HoverHell / RedditImageGrab

Downloads images from sub-reddits of reddit.com.
GNU General Public License v3.0
311 stars 78 forks source link

Downloads extra pics from imgur albums... #44

Closed gcomyn closed 8 years ago

gcomyn commented 8 years ago

When downloading from imgur albums, there are either one or two extra 'pics' that are downloaded... I've seen this with a album downloader called 'albumr', and if you changed line 125 in the redditdownload.py to the following, it fixes this.

match = re.compile(r'\"hash\":\"(.[^\"]*)\",\"title\"')

since the album title has a hash as well, you have to specify only those with a title after the hash.

rachmadaniHaryono commented 8 years ago

can you give imgurl album example for that?

gcomyn commented 8 years ago

everyone that I downloaded did this....

try this one

http://imgur.com/a/NLMAm

it's from

https://www.reddit.com/r/pic/

I tested it (removed the title from the match) and it downloaded 2 extra files... then I deleted those pics, fixed the py file, ran it again, and it didn't.

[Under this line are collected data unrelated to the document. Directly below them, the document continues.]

lemma marg_antimono:
  assumes "monotone_setfun V f" "submodular_setfun V f" "A \<subseteq> B" "B \<subseteq> V" "x \<in> V"
  shows "marg f B x \<le> marg f A x"
proof -
  have submod: "f (B \<union> {x}) + f ((A \<union> {x}) \<inter> B) \<le> f (A \<union> {x}) + f B"
  proof -
    have "A \<union> {x} \<subseteq> V" "(A \<union> {x}) \<union> B = B \<union> {x}"
      using assms(3-5) by auto
    then show ?thesis
      using assms(2,4) unfolding submodular_setfun_def by metis
  qed
  have mono: "f A \<le> f ((A \<union> {x}) \<inter> B)"
  proof -
    have "A \<subseteq> (A \<union> {x}) \<inter> B" "(A \<union> {x}) \<inter> B \<subseteq> V"
      using assms(3,4) by auto
    then show ?thesis
      using assms(1) unfolding monotone_setfun_def by blast
  qed
  from submod mono show ?thesis
    unfolding marg_def by linarith
qed

lemma sum_nu_telescope:
  assumes "distinct vs" "S \<subseteq> set vs"
  shows "(\<Sum>u\<in>S. nu vs f S u) = f S - f {}"
proof -
  have "(\<Sum>u\<in>S. nu vs f S u) = f S - f {}" if "S \<subseteq> set (take n vs)" for n
    using that
  proof (induction n arbitrary: S)
    case 0
    then show ?case by simp
  next
    case (Suc n)
    show ?case
    proof (cases "n < length vs \<and> vs ! n \<in> S")
      case False
      then have "S \<subseteq> set (take n vs)"
        using Suc.prems by (cases "n < length vs") (auto simp: take_Suc_conv_app_nth)
      then show ?thesis by (rule Suc.IH)
    next
      case True
      define v where "v = vs ! n"
      define S' where "S' = S - {v}"
      have S': "S' \<subseteq> set (take n vs)"
        using Suc.prems True unfolding S'_def v_def by (auto simp: take_Suc_conv_app_nth)
      have S_eq: "S = insert v S'" "v \<notin> S'"
        using True unfolding S'_def v_def by auto
      have "finite S'"
        using S' by (rule finite_subset) simp
      have earlier: "before vs s v" if "s \<in> S'" for s
        using that S' True assms(1) unfolding v_def
        by (force simp: before_iff_position in_set_take_iff_position position_nth)
      have "{s \<in> S. before vs s v} = S'"
        using earlier S_eq not_before_refl[OF assms(1)] by blast
      then have "nu vs f S v = marg f S' v"
        unfolding nu_def by simp
      moreover have "nu vs f S u = nu vs f S' u" if "u \<in> S'" for u
      proof -
        have "\<not> before vs v u"
          using before_asym[OF assms(1) earlier[OF that]] .
        then show ?thesis unfolding nu_def S_eq(1) by (metis insert_iff)
      qed
      ultimately have "(\<Sum>u\<in>S. nu vs f S u) = marg f S' v + (\<Sum>u\<in>S'. nu vs f S' u)"
        using S_eq \<open>finite S'\<close> by simp
      also have "\<dots> = f S - f {}"
        using Suc.IH[OF S'] S_eq(1) unfolding marg_def by simp
      finally show ?thesis .
    qed
  qed
  from this[of "length vs"] show ?thesis using assms(2) by simp
qed

locale preemptive_greedy =
  fixes vs :: "'a list" and V :: "'a set" and E :: "'a \<Rightarrow> 'a \<Rightarrow> bool"
    and f :: "'a set \<Rightarrow> real" and \<beta> :: real
  assumes distinct_vs: "distinct vs"
    and set_vs: "set vs = V"
    and monotone: "monotone_setfun V f"
    and submodular: "submodular_setfun V f"
begin

abbreviation state :: "nat \<Rightarrow> 'a set" where
  "state \<equiv> pg_state vs V E f \<beta>"

definition visited :: "nat \<Rightarrow> 'a set" where
  "visited i = (\<Union>j\<le>i. state j)"

definition weight :: "'a \<Rightarrow> real" where
  "weight u = marg f (state (position vs u) - nbhd V E u) u"

lemma state_0: "state 0 = {}"
  by (simp add: pg_state_def)

lemma state_Suc_cases:
  obtains (keep) "state (Suc i) = state i"
  | (swap) "i < length vs" "state (Suc i) = insert (vs ! i) (state i - nbhd V E (vs ! i))"
      "(1 + \<beta>) * (\<Sum>u \<in> nbhd V E (vs ! i) \<inter> state i. nu vs f (state i) u)
         \<le> marg f (state i) (vs ! i)"
proof (cases "i < length vs")
  case True
  then have "state (Suc i) = pg_step vs V E f \<beta> (state i) (vs ! i)"
    by (simp add: pg_state_def take_Suc_conv_app_nth)
  moreover have "(state i - nbhd V E (vs ! i) \<inter> state i) \<union> {vs ! i}
      = insert (vs ! i) (state i - nbhd V E (vs ! i))"
    by blast
  ultimately show ?thesis
    using keep swap True unfolding pg_step_def Let_def by (auto split: if_splits)
next
  case False
  then show ?thesis
    using keep by (simp add: pg_state_def)
qed

lemma state_subset_take: "state i \<subseteq> set (take i vs)"
proof (induction i)
  case 0
  show ?case by (simp add: state_0)
next
  case (Suc i)
  have "set (take i vs) \<subseteq> set (take (Suc i) vs)"
    by (rule set_take_subset_set_take) simp
  then show ?case
    using Suc.IH by (cases i rule: state_Suc_cases) (auto simp: take_Suc_conv_app_nth)
qed

lemma state_subset: "state i \<subseteq> V"
  using state_subset_take set_vs by (metis set_take_subset subset_trans)

lemma finite_state: "finite (state i)"
  using state_subset_take by (rule finite_subset) simp

lemma mem_state_position_less: "u \<in> state i \<Longrightarrow> position vs u < i"
  using state_subset_take in_set_take_iff_position[OF distinct_vs] by blast

lemma state_predecessors_subset:
  "u \<in> state i \<Longrightarrow> {s \<in> state i. before vs s u} \<subseteq> state (position vs u) - nbhd V E u"
proof (induction i arbitrary: u)
  case 0
  then show ?case by (simp add: state_0)
next
  case (Suc i)
  show ?case
  proof (cases i rule: state_Suc_cases)
    case keep
    then show ?thesis using Suc by simp
  next
    case swap
    show ?thesis
    proof (cases "u = vs ! i")
      case True
      then show ?thesis
        using swap not_before_refl[OF distinct_vs] position_nth[OF distinct_vs] by auto
    next
      case False
      then have "u \<in> state i"
        using Suc.prems swap(2) by blast
      then have "\<not> before vs (vs ! i) u"
        using mem_state_position_less[OF \<open>u \<in> state i\<close>] position_nth[OF distinct_vs swap(1)]
        by (auto simp: before_iff_position[OF distinct_vs])
      then show ?thesis
        using Suc.IH[OF \<open>u \<in> state i\<close>] swap(2) by auto
    qed
  qed
qed

lemma weight_le_nu: "u \<in> state i \<Longrightarrow> weight u \<le> nu vs f (state i) u"
  unfolding weight_def nu_def
  using marg_antimono[OF monotone submodular state_predecessors_subset] state_subset by blast

lemma visited_Suc: "visited (Suc i) = visited i \<union> state (Suc i)"
  unfolding visited_def by (auto simp: atMost_Suc)

lemma state_subset_visited: "state i \<subseteq> visited i"
  unfolding visited_def by auto

lemma visited_subset_take: "visited i \<subseteq> set (take i vs)"
  unfolding visited_def
proof (rule UN_least)
  fix j assume "j \<in> {..i}"
  then show "state j \<subseteq> set (take i vs)"
    using state_subset_take[of j] set_take_subset_set_take[of j i vs] by auto
qed

lemma finite_visited: "finite (visited i)"
  using visited_subset_take by (rule finite_subset) simp

lemma sum_weight_visited_le:
  assumes "0 \<le> \<beta>"
  shows "\<beta> * (\<Sum>u\<in>visited i. weight u) \<le> (1 + \<beta>) * (\<Sum>u\<in>state i. weight u)"
proof (induction i)
  case 0
  then show ?case by (simp add: visited_def state_0)
next
  case (Suc i)
  show ?case
  proof (cases i rule: state_Suc_cases)
    case keep
    then show ?thesis
      using Suc.IH state_subset_visited[of i] by (simp add: visited_Suc Un_absorb2)
  next
    case swap
    define v where "v = vs ! i"
    define C where "C = nbhd V E v \<inter> state i"
    have "v \<notin> visited i"
      using visited_subset_take[of i] position_nth[OF distinct_vs swap(1)]
      unfolding v_def by (auto simp: in_set_take_iff_position[OF distinct_vs])
    then have "v \<notin> state i"
      using state_subset_visited by blast
    have "visited (Suc i) = insert v (visited i)"
      using swap(2) state_subset_visited[of i] unfolding visited_Suc v_def by blast
    then have visited:
        "(\<Sum>u\<in>visited (Suc i). weight u) = weight v + (\<Sum>u\<in>visited i. weight u)"
      using \<open>v \<notin> visited i\<close> finite_visited by simp
    have "state (Suc i) = insert v (state i - C)"
      using swap(2) unfolding C_def v_def by blast
    then have state: "(\<Sum>u\<in>state (Suc i). weight u)
        = weight v + (\<Sum>u\<in>state i. weight u) - (\<Sum>u\<in>C. weight u)"
      using \<open>v \<notin> state i\<close> finite_state unfolding C_def by (simp add: sum_diff)
    have "(1 + \<beta>) * (\<Sum>u\<in>C. weight u) \<le> (1 + \<beta>) * (\<Sum>u\<in>C. nu vs f (state i) u)"
      using assms weight_le_nu unfolding C_def by (intro mult_left_mono sum_mono) auto
    also have "\<dots> \<le> marg f (state i) v"
      using swap(3) unfolding C_def v_def .
    also have "\<dots> \<le> weight v"
      unfolding weight_def v_def position_nth[OF distinct_vs swap(1)]
      using marg_antimono[OF monotone submodular _ state_subset] set_vs swap(1) by auto
    finally have charge: "(1 + \<beta>) * (\<Sum>u\<in>C. weight u) \<le> weight v" .
    have "(1 + \<beta>) * (\<Sum>u\<in>state (Suc i). weight u)
        = \<beta> * weight v + (1 + \<beta>) * (\<Sum>u\<in>state i. weight u)
          + (weight v - (1 + \<beta>) * (\<Sum>u\<in>C. weight u))"
      unfolding state by (simp add: algebra_simps)
    moreover have "\<beta> * (\<Sum>u\<in>visited (Suc i). weight u)
        = \<beta> * weight v + \<beta> * (\<Sum>u\<in>visited i. weight u)"
      unfolding visited by (simp add: algebra_simps)
    ultimately show ?thesis
      using Suc.IH charge by linarith
  qed
qed

lemma f_visited_le_sum_weight: "f (visited i) - f {} \<le> (\<Sum>u\<in>visited i. weight u)"
proof -
  have visited_vs: "visited i \<subseteq> set vs"
    using visited_subset_take set_take_subset by fast
  have "f (visited i) - f {} = (\<Sum>u\<in>visited i. nu vs f (visited i) u)"
    using sum_nu_telescope[OF distinct_vs visited_vs] by simp
  also have "\<dots> \<le> (\<Sum>u\<in>visited i. weight u)"
  proof (rule sum_mono)
    fix u assume "u \<in> visited i"
    then have "u \<in> set vs" "position vs u < i"
      using visited_subset_take in_set_take_iff_position[OF distinct_vs] by blast+
    then have "state (position vs u) - nbhd V E u \<subseteq> {s \<in> visited i. before vs s u}"
      using mem_state_position_less state_subset_take set_take_subset
      unfolding visited_def
      by (fastforce simp: before_iff_position[OF distinct_vs])
    moreover have "{s \<in> visited i. before vs s u} \<subseteq> V"
      using visited_vs set_vs by blast
    ultimately show "nu vs f (visited i) u \<le> weight u"
      unfolding nu_def weight_def
      using marg_antimono[OF monotone submodular] \<open>u \<in> set vs\<close> set_vs by blast
  qed
  finally show ?thesis .
qed

lemma sum_weight_state_le_f: "(\<Sum>u\<in>state i. weight u) \<le> f (state i) - f {}"
proof -
  have "(\<Sum>u\<in>state i. weight u) \<le> (\<Sum>u\<in>state i. nu vs f (state i) u)"
    using weight_le_nu by (rule sum_mono)
  also have "\<dots> = f (state i) - f {}"
    using state_subset_take set_take_subset by (intro sum_nu_telescope[OF distinct_vs]) fast
  finally show ?thesis .
qed

theorem f_visited_le_f_state:
  assumes "\<beta> > 0"
  shows "f (visited i) - f {} \<le> (1 + 1 / \<beta>) * (f (state i) - f {})"
proof -
  have "f (visited i) - f {} \<le> (\<Sum>u\<in>visited i. weight u)"
    by (rule f_visited_le_sum_weight)
  also have "\<dots> \<le> (1 + 1 / \<beta>) * (\<Sum>u\<in>state i. weight u)"
    using sum_weight_visited_le[of i] assms by (simp add: field_simps)
  also have "\<dots> \<le> (1 + 1 / \<beta>) * (f (state i) - f {})"
    using sum_weight_state_le_f assms by (intro mult_left_mono) auto
  finally show ?thesis .
qed

end

theorem lemma14:
  fixes k :: nat and V :: "'a set" and E :: "'a \<Rightarrow> 'a \<Rightarrow> bool" and vs :: "'a list"
    and f :: "'a set \<Rightarrow> real" and \<beta> :: real
  assumes "k \<ge> 1"
    and "simple_graph V E"
    and "k_independence_ordering k V E vs"
    and "\<forall>A. A \<subseteq> V \<longrightarrow> f A \<ge> 0"
    and "monotone_setfun V f"
    and "submodular_setfun V f"
    and "f {} = 0"
    and "\<beta> > 0"
  shows "f (pg_ever vs V E f \<beta>) \<le> (1 + 1 / \<beta>) * f (pg_out vs V E f \<beta>)"
proof -
  interpret preemptive_greedy vs V E f \<beta>
    using assms(3,5,6) by unfold_locales (auto simp: k_independence_ordering_def)
  have "pg_ever vs V E f \<beta> = visited (length vs)" "pg_out vs V E f \<beta> = state (length vs)"
    unfolding pg_ever_def pg_out_def visited_def by simp_all
  then show ?thesis
    using f_visited_le_f_state[OF assms(8), of "length vs"] assms(7) by simp
qed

rachmadaniHaryono commented 8 years ago

thanks for the example. i have tried the new regex you have given and as you said it give two extra pics

['http://i.imgur.com/2gUGa.jpg', 'http://i.imgur.com/NLMAm.jpg']

but i think this is not a valid image from that album. the first image is actually an album, and the second one is actually have the same imgur id as this current album.

so i don't think it is a bug.

gcomyn commented 8 years ago

they are not valid images for the gallery, so should be removed... if you add the title to the regex, it will not save the extra images, and only get the images from the gallery.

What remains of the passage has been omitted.